— ASSIGNED TASK —
Your task is to transcribe the data in full.

━━━━━━

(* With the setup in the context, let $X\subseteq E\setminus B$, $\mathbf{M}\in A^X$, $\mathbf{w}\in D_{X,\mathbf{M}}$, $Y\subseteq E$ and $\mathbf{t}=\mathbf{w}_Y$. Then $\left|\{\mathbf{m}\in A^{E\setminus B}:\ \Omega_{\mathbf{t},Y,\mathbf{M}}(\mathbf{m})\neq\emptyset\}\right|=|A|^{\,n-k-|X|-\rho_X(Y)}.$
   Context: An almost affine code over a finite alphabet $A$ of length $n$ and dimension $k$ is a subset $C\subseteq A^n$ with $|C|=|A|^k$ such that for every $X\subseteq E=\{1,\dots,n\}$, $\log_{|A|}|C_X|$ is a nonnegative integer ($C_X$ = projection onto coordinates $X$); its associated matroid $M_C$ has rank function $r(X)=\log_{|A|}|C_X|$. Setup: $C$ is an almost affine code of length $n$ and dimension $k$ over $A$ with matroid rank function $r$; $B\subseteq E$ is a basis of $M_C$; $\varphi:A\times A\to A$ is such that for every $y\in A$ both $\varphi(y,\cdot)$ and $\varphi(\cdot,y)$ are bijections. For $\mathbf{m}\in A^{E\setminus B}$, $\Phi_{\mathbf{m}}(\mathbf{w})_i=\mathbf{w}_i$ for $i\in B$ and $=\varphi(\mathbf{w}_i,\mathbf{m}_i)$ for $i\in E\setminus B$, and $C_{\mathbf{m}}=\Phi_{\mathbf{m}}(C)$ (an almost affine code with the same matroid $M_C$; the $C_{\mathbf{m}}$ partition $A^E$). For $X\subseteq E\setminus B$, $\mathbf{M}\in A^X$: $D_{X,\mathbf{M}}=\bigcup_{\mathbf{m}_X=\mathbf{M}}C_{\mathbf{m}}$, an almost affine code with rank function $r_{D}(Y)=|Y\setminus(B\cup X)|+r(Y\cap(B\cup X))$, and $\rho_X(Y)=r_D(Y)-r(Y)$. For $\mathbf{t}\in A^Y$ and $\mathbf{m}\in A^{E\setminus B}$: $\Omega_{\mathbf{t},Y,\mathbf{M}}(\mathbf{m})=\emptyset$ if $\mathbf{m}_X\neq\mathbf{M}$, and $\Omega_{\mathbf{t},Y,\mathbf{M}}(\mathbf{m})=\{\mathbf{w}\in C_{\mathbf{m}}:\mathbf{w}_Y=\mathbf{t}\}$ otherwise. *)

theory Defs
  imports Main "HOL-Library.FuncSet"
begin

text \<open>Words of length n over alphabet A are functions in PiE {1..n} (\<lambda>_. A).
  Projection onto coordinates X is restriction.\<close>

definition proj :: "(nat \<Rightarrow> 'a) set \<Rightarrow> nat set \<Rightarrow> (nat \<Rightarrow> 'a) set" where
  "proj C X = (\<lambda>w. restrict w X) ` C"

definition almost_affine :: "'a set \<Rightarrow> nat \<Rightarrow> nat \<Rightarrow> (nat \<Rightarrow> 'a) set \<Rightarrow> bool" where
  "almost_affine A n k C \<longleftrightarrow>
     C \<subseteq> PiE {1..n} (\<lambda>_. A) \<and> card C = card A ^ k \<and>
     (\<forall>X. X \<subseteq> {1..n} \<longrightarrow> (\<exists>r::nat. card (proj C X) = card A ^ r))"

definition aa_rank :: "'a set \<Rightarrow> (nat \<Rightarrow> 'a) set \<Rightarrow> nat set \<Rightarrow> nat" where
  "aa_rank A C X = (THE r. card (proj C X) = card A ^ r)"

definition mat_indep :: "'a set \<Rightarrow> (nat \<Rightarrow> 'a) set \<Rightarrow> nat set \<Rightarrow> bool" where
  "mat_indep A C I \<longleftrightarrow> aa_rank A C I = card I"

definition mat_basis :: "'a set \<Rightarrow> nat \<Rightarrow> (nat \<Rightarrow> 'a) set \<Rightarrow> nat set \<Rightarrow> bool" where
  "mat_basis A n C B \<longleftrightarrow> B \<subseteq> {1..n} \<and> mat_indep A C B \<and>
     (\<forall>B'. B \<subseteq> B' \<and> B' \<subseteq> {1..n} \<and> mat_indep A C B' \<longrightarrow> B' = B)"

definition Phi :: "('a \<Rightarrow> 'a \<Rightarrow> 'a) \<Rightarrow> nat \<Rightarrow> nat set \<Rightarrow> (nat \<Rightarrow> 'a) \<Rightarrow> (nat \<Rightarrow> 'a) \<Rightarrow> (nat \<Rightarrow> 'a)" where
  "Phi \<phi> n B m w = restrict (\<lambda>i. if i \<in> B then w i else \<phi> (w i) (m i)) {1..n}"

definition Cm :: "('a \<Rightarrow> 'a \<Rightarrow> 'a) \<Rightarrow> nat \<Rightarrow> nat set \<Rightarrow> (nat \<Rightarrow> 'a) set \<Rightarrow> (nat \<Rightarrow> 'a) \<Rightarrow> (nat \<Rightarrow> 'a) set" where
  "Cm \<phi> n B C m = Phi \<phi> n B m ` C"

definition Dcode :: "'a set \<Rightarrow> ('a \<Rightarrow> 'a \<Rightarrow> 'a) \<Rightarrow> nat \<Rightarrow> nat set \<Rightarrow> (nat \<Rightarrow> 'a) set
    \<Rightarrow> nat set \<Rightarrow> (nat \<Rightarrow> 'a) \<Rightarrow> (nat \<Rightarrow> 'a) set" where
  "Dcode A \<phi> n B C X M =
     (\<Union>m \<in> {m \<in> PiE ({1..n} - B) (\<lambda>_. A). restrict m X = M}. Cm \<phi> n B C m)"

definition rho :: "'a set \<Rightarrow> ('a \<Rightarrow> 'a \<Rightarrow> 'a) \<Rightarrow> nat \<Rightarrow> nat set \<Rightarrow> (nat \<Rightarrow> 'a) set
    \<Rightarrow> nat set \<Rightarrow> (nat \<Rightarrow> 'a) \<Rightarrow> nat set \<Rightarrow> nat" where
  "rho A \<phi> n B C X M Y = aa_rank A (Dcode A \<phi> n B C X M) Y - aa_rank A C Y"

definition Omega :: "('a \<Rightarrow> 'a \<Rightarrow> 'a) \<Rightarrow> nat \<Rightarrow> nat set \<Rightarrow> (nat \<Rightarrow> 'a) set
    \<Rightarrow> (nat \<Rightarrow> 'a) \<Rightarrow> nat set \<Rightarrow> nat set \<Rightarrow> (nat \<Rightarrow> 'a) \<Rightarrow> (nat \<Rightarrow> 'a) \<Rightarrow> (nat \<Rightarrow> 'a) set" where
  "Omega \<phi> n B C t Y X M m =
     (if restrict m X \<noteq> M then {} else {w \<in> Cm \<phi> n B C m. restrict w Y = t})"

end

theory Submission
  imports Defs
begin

━━━━━━

— FINISHED EXERCISE —
(* With the setup in the context, let $X\subseteq E\setminus B$, $\mathbf{M}\in A^X$, $\mathbf{w}\in D_{X,\mathbf{M}}$, $Y\subseteq E$ and $\mathbf{t}=\mathbf{w}_Y$. Then $\left|\{\mathbf{m}\in A^{E\setminus B}:\ \Omega_{\mathbf{t},Y,\mathbf{M}}(\mathbf{m})\neq\emptyset\}\right|=|A|^{\,n-k-|X|-\rho_X(Y)}.$
   Context: An almost affine code over a finite alphabet $A$ of length $n$ and dimension $k$ is a subset $C\subseteq A^n$ with $|C|=|A|^k$ such that for every $X\subseteq E=\{1,\dots,n\}$, $\log_{|A|}|C_X|$ is a nonnegative integer ($C_X$ = projection onto coordinates $X$); its associated matroid $M_C$ has rank function $r(X)=\log_{|A|}|C_X|$. Setup: $C$ is an almost affine code of length $n$ and dimension $k$ over $A$ with matroid rank function $r$; $B\subseteq E$ is a basis of $M_C$; $\varphi:A\times A\to A$ is such that for every $y\in A$ both $\varphi(y,\cdot)$ and $\varphi(\cdot,y)$ are bijections. For $\mathbf{m}\in A^{E\setminus B}$, $\Phi_{\mathbf{m}}(\mathbf{w})_i=\mathbf{w}_i$ for $i\in B$ and $=\varphi(\mathbf{w}_i,\mathbf{m}_i)$ for $i\in E\setminus B$, and $C_{\mathbf{m}}=\Phi_{\mathbf{m}}(C)$ (an almost affine code with the same matroid $M_C$; the $C_{\mathbf{m}}$ partition $A^E$). For $X\subseteq E\setminus B$, $\mathbf{M}\in A^X$: $D_{X,\mathbf{M}}=\bigcup_{\mathbf{m}_X=\mathbf{M}}C_{\mathbf{m}}$, an almost affine code with rank function $r_{D}(Y)=|Y\setminus(B\cup X)|+r(Y\cap(B\cup X))$, and $\rho_X(Y)=r_D(Y)-r(Y)$. For $\mathbf{t}\in A^Y$ and $\mathbf{m}\in A^{E\setminus B}$: $\Omega_{\mathbf{t},Y,\mathbf{M}}(\mathbf{m})=\emptyset$ if $\mathbf{m}_X\neq\mathbf{M}$, and $\Omega_{\mathbf{t},Y,\mathbf{M}}(\mathbf{m})=\{\mathbf{w}\in C_{\mathbf{m}}:\mathbf{w}_Y=\mathbf{t}\}$ otherwise. *)

theory Defs
  imports Main "HOL-Library.FuncSet"
begin

text \<open>Words of length n over alphabet A are functions in PiE {1..n} (\<lambda>_. A).
  Projection onto coordinates X is restriction.\<close>

definition proj :: "(nat \<Rightarrow> 'a) set \<Rightarrow> nat set \<Rightarrow> (nat \<Rightarrow> 'a) set" where
  "proj C X = (\<lambda>w. restrict w X) ` C"

definition almost_affine :: "'a set \<Rightarrow> nat \<Rightarrow> nat \<Rightarrow> (nat \<Rightarrow> 'a) set \<Rightarrow> bool" where
  "almost_affine A n k C \<longleftrightarrow>
     C \<subseteq> PiE {1..n} (\<lambda>_. A) \<and> card C = card A ^ k \<and>
     (\<forall>X. X \<subseteq> {1..n} \<longrightarrow> (\<exists>r::nat. card (proj C X) = card A ^ r))"

definition aa_rank :: "'a set \<Rightarrow> (nat \<Rightarrow> 'a) set \<Rightarrow> nat set \<Rightarrow> nat" where
  "aa_rank A C X = (THE r. card (proj C X) = card A ^ r)"

definition mat_indep :: "'a set \<Rightarrow> (nat \<Rightarrow> 'a) set \<Rightarrow> nat set \<Rightarrow> bool" where
  "mat_indep A C I \<longleftrightarrow> aa_rank A C I = card I"

definition mat_basis :: "'a set \<Rightarrow> nat \<Rightarrow> (nat \<Rightarrow> 'a) set \<Rightarrow> nat set \<Rightarrow> bool" where
  "mat_basis A n C B \<longleftrightarrow> B \<subseteq> {1..n} \<and> mat_indep A C B \<and>
     (\<forall>B'. B \<subseteq> B' \<and> B' \<subseteq> {1..n} \<and> mat_indep A C B' \<longrightarrow> B' = B)"

definition Phi :: "('a \<Rightarrow> 'a \<Rightarrow> 'a) \<Rightarrow> nat \<Rightarrow> nat set \<Rightarrow> (nat \<Rightarrow> 'a) \<Rightarrow> (nat \<Rightarrow> 'a) \<Rightarrow> (nat \<Rightarrow> 'a)" where
  "Phi \<phi> n B m w = restrict (\<lambda>i. if i \<in> B then w i else \<phi> (w i) (m i)) {1..n}"

definition Cm :: "('a \<Rightarrow> 'a \<Rightarrow> 'a) \<Rightarrow> nat \<Rightarrow> nat set \<Rightarrow> (nat \<Rightarrow> 'a) set \<Rightarrow> (nat \<Rightarrow> 'a) \<Rightarrow> (nat \<Rightarrow> 'a) set" where
  "Cm \<phi> n B C m = Phi \<phi> n B m ` C"

definition Dcode :: "'a set \<Rightarrow> ('a \<Rightarrow> 'a \<Rightarrow> 'a) \<Rightarrow> nat \<Rightarrow> nat set \<Rightarrow> (nat \<Rightarrow> 'a) set
    \<Rightarrow> nat set \<Rightarrow> (nat \<Rightarrow> 'a) \<Rightarrow> (nat \<Rightarrow> 'a) set" where
  "Dcode A \<phi> n B C X M =
     (\<Union>m \<in> {m \<in> PiE ({1..n} - B) (\<lambda>_. A). restrict m X = M}. Cm \<phi> n B C m)"

definition rho :: "'a set \<Rightarrow> ('a \<Rightarrow> 'a \<Rightarrow> 'a) \<Rightarrow> nat \<Rightarrow> nat set \<Rightarrow> (nat \<Rightarrow> 'a) set
    \<Rightarrow> nat set \<Rightarrow> (nat \<Rightarrow> 'a) \<Rightarrow> nat set \<Rightarrow> nat" where
  "rho A \<phi> n B C X M Y = aa_rank A (Dcode A \<phi> n B C X M) Y - aa_rank A C Y"

definition Omega :: "('a \<Rightarrow> 'a \<Rightarrow> 'a) \<Rightarrow> nat \<Rightarrow> nat set \<Rightarrow> (nat \<Rightarrow> 'a) set
    \<Rightarrow> (nat \<Rightarrow> 'a) \<Rightarrow> nat set \<Rightarrow> nat set \<Rightarrow> (nat \<Rightarrow> 'a) \<Rightarrow> (nat \<Rightarrow> 'a) \<Rightarrow> (nat \<Rightarrow> 'a) set" where
  "Omega \<phi> n B C t Y X M m =
     (if restrict m X \<noteq> M then {} else {w \<in> Cm \<phi> n B C m. restrict w Y = t})"

end

theory Submission
  imports Defs
begin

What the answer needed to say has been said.